The dynamics of oil policies between producing and consuming countries have far extended beyond traditional supply-demand mechanisms, and increasingly intertwining with geopolitical considerations. The Russia-Ukraine conflict exemplifies this, triggering as it significant volatility in oil markets.
To shed light on this complex interplay, it’s crucial to consider the strategies adopted by oil producer and consumer parties. These are shaped by divergent interests, particularly as the oil policies of producer nations have gained independence through the diversification of major consumption hubs. This was driven in part by certain Asian countries evolving into significant consumers of oil and gas.
Meanwhile, the oil policies of Western consumer nations too have undergone significant transformations since the onset of the Ukraine crisis in late February 2022. In an effort to reduce dependence on Russian energy sources, these countries have tolerated heavy financial burdens and escalated inflation rates. This shift was driven by stringent sanctions imposed on Russia as a response to its military intervention.
Western nations assumed these economic sanctions would be sufficient to dissuade Russia by threatening the stability of its economy. Despite the potential for economic collapse, Russia’s economy has proved resilient, continuing to draw substantial revenues from oil.
Higher oil prices have allowed Russia to offset losses brought about by Western boycotts and sanctions. The Paris-based International Energy Agency reported that Russian oil exports in March recorded their highest level in three years - despite the sanctions.
This situation has prompted NATO countries to seek alternative strategies to impact Russia’s primary revenue source. One such has been an attempt to drive oil prices down to a bare minimum, aiming to strip Russia of its main economic lifeline.
US shale gains too
Despite oil prices dipping below $80 per barrel, a level generally unable to significantly impact Russia’s revenues even with discounts on its oil and gas sales, we observe a concurrent increase in US shale oil production. Recently, production of US shale oil had risen by 41,000 barrels per day to 9.33 million barrels per day. This is in contrast to the current US administration’s policy, aimed at reducing shale oil production due to environmental concerns.
However, geopolitical interests seem to have taken precedence, with the US leveraging its oil reserves to exert influence over price levels and try to drive them down. This approach, while strategic, has led to a significant decrease in oil storage, posing tangible risks to US energy security.
The ensuing need to replenish reserve tanks to their previous levels subsequently raises the demand for oil, potentially causing prices to increase. This policy has encountered several hurdles, not least being the oil policies of producing countries. These nations aim to protect their interests and execute their development programs by securing equitable revenues from exports.

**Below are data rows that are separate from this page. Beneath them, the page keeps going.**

(* Let $\mathcal{X}$ be a finite-dimensional complex Euclidean space, $\varepsilon\in[0,1]$, and let $\mathcal{P}=\{P_0^i\}_{i\in\Lambda},\ \mathcal{Q}=\{P_1^j\}_{j\in\Sigma}\subset\mathrm{Pos}(\mathcal{X})$ be finite sets. Consider the primal problem $\text{minimize } \gamma \text{ subject to } \langle X,P_0^i\rangle\ge 1-\varepsilon\ \forall i\in\Lambda,\ \langle X,P_1^j\rangle\le\gamma\ \forall j\in\Sigma,\ X\preceq\mathbb{1},\ \gamma\ge 0,\ X\in\mathrm{Pos}(\mathcal{X}),$ and the dual problem $\text{maximize } (1-\varepsilon)\|\mathbf{z}\|_1-\mathrm{Tr}(Z) \text{ subject to } \sum_{i\in\Lambda} z_iP_0^i-\sum_{j\in\Sigma}v_jP_1^j\preceq Z,\ \sum_{j\in\Sigma}v_j\le 1,\ v_j\ge 0\ \forall j,\ \mathbf{z}=(z_i)_{i\in\Lambda}\ge 0,\ Z\succeq 0,$ with $Z$ Hermitian on $\mathcal{X}$. Then strong duality holds: the optimal values of the two problems are equal (and the optimum is attained in the primal problem).
   Context: $\mathrm{Pos}(\mathcal{X})$ is the set of positive semidefinite operators on $\mathcal{X}$; $\langle A,B\rangle=\mathrm{Tr}(A^{*}B)$; $\preceq$ is the Loewner order. *)

theory Defs
  imports "HOL-Analysis.Analysis"
begin

text \<open>Operators on the finite-dimensional complex Euclidean space X = complex^'n
  are represented as complex matrices indexed by the finite type 'n.\<close>

definition cadj :: "complex^'n^'n \<Rightarrow> complex^'n^'n" where
  "cadj A = (\<chi> i j. cnj (A $ j $ i))"

definition hermitian :: "complex^'n^'n \<Rightarrow> bool" where
  "hermitian A \<longleftrightarrow> cadj A = A"

definition ctrace :: "complex^'n^'n \<Rightarrow> complex" where
  "ctrace A = (\<Sum>i\<in>UNIV. A $ i $ i)"

definition hs_inner :: "complex^'n^'n \<Rightarrow> complex^'n^'n \<Rightarrow> complex" where
  "hs_inner A B = ctrace (cadj A ** B)"

definition psd :: "complex^'n^'n \<Rightarrow> bool" where
  "psd A \<longleftrightarrow> hermitian A \<and> (\<forall>x::complex^'n. 0 \<le> Re (\<Sum>i\<in>UNIV. cnj (x $ i) * (A *v x) $ i))"

definition loewner_le :: "complex^'n^'n \<Rightarrow> complex^'n^'n \<Rightarrow> bool" where
  "loewner_le A B \<longleftrightarrow> psd (B - A)"

definition primal_feasible ::
  "real \<Rightarrow> 'a set \<Rightarrow> ('a \<Rightarrow> complex^'n^'n) \<Rightarrow> 'b set \<Rightarrow> ('b \<Rightarrow> complex^'n^'n)
   \<Rightarrow> complex^'n^'n \<Rightarrow> real \<Rightarrow> bool" where
  "primal_feasible \<epsilon> \<Lambda> P0 \<Sigma> P1 X \<gamma> \<longleftrightarrow>
     (\<forall>i\<in>\<Lambda>. Re (hs_inner X (P0 i)) \<ge> 1 - \<epsilon>) \<and>
     (\<forall>j\<in>\<Sigma>. Re (hs_inner X (P1 j)) \<le> \<gamma>) \<and>
     loewner_le X (mat 1) \<and> \<gamma> \<ge> 0 \<and> psd X"

definition dual_feasible ::
  "'a set \<Rightarrow> ('a \<Rightarrow> complex^'n^'n) \<Rightarrow> 'b set \<Rightarrow> ('b \<Rightarrow> complex^'n^'n)
   \<Rightarrow> ('a \<Rightarrow> real) \<Rightarrow> ('b \<Rightarrow> real) \<Rightarrow> complex^'n^'n \<Rightarrow> bool" where
  "dual_feasible \<Lambda> P0 \<Sigma> P1 z v Z \<longleftrightarrow>
     loewner_le ((\<Sum>i\<in>\<Lambda>. z i *\<^sub>R P0 i) - (\<Sum>j\<in>\<Sigma>. v j *\<^sub>R P1 j)) Z \<and>
     (\<Sum>j\<in>\<Sigma>. v j) \<le> 1 \<and> (\<forall>j\<in>\<Sigma>. v j \<ge> 0) \<and> (\<forall>i\<in>\<Lambda>. z i \<ge> 0) \<and>
     psd Z \<and> hermitian Z"

definition dual_objective ::
  "real \<Rightarrow> 'a set \<Rightarrow> ('a \<Rightarrow> real) \<Rightarrow> complex^'n^'n \<Rightarrow> real" where
  "dual_objective \<epsilon> \<Lambda> z Z = (1 - \<epsilon>) * (\<Sum>i\<in>\<Lambda>. \<bar>z i\<bar>) - Re (ctrace Z)"

text \<open>Optimal values as extended reals (Inf of empty set = +\<infinity>).\<close>
definition primal_value ::
  "real \<Rightarrow> 'a set \<Rightarrow> ('a \<Rightarrow> complex^'n^'n) \<Rightarrow> 'b set \<Rightarrow> ('b \<Rightarrow> complex^'n^'n) \<Rightarrow> ereal" where
  "primal_value \<epsilon> \<Lambda> P0 \<Sigma> P1 =
     (INF p \<in> {(X, \<gamma>). primal_feasible \<epsilon> \<Lambda> P0 \<Sigma> P1 X \<gamma>}. ereal (snd p))"

definition dual_value ::
  "real \<Rightarrow> 'a set \<Rightarrow> ('a \<Rightarrow> complex^'n^'n) \<Rightarrow> 'b set \<Rightarrow> ('b \<Rightarrow> complex^'n^'n) \<Rightarrow> ereal" where
  "dual_value \<epsilon> \<Lambda> P0 \<Sigma> P1 =
     (SUP d \<in> {(z, v, Z). dual_feasible \<Lambda> P0 \<Sigma> P1 z v Z}.
        ereal (dual_objective \<epsilon> \<Lambda> (fst d) (snd (snd d))))"

end

theory Submission
  imports Defs
begin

Therefore, they intervene to maintain prices at current levels, achieving positive outcomes so far in their collective efforts. This holds significant economic importance for some members, especially developing countries, while for others it carries economic and geopolitical implications.
Producing nations have their rights
The divergence in the oil policies of Western consuming countries and oil-producing nations presents a significant obstacle to West’s efforts aimed at lowering oil prices. The producers cannot be faulted for adhering to these policies; Western efforts may not only damage the Russian economy but may cause more severe harm to OPEC member-countries and developing oil-producing nations in general.
This could result in economic crises that will be difficult to manage in the near term. Notably, these countries are not involved in the Ukrainian conflict and, in fact, are making significant efforts towards a peaceful resolution, given their good relations with the conflicting parties. And which contributes to global economic and security stability.
A fluid balance of power dynamics
It can be asserted that the recent contention over oil has taken on new dimensions, coinciding with significant shifts in the balance of global powers. This has led to the prioritization of interests by producing countries, diverging from past trends where alliances played a key role in maintaining optimum price levels.
This shift in focus is apt, considering that oil and gas are finite resources that need to be exploited judiciously to accelerate development rates and create alternative income streams. If interests became the determinant of policies, no one would care about - or ensure - fair prices for their oil and gas exports.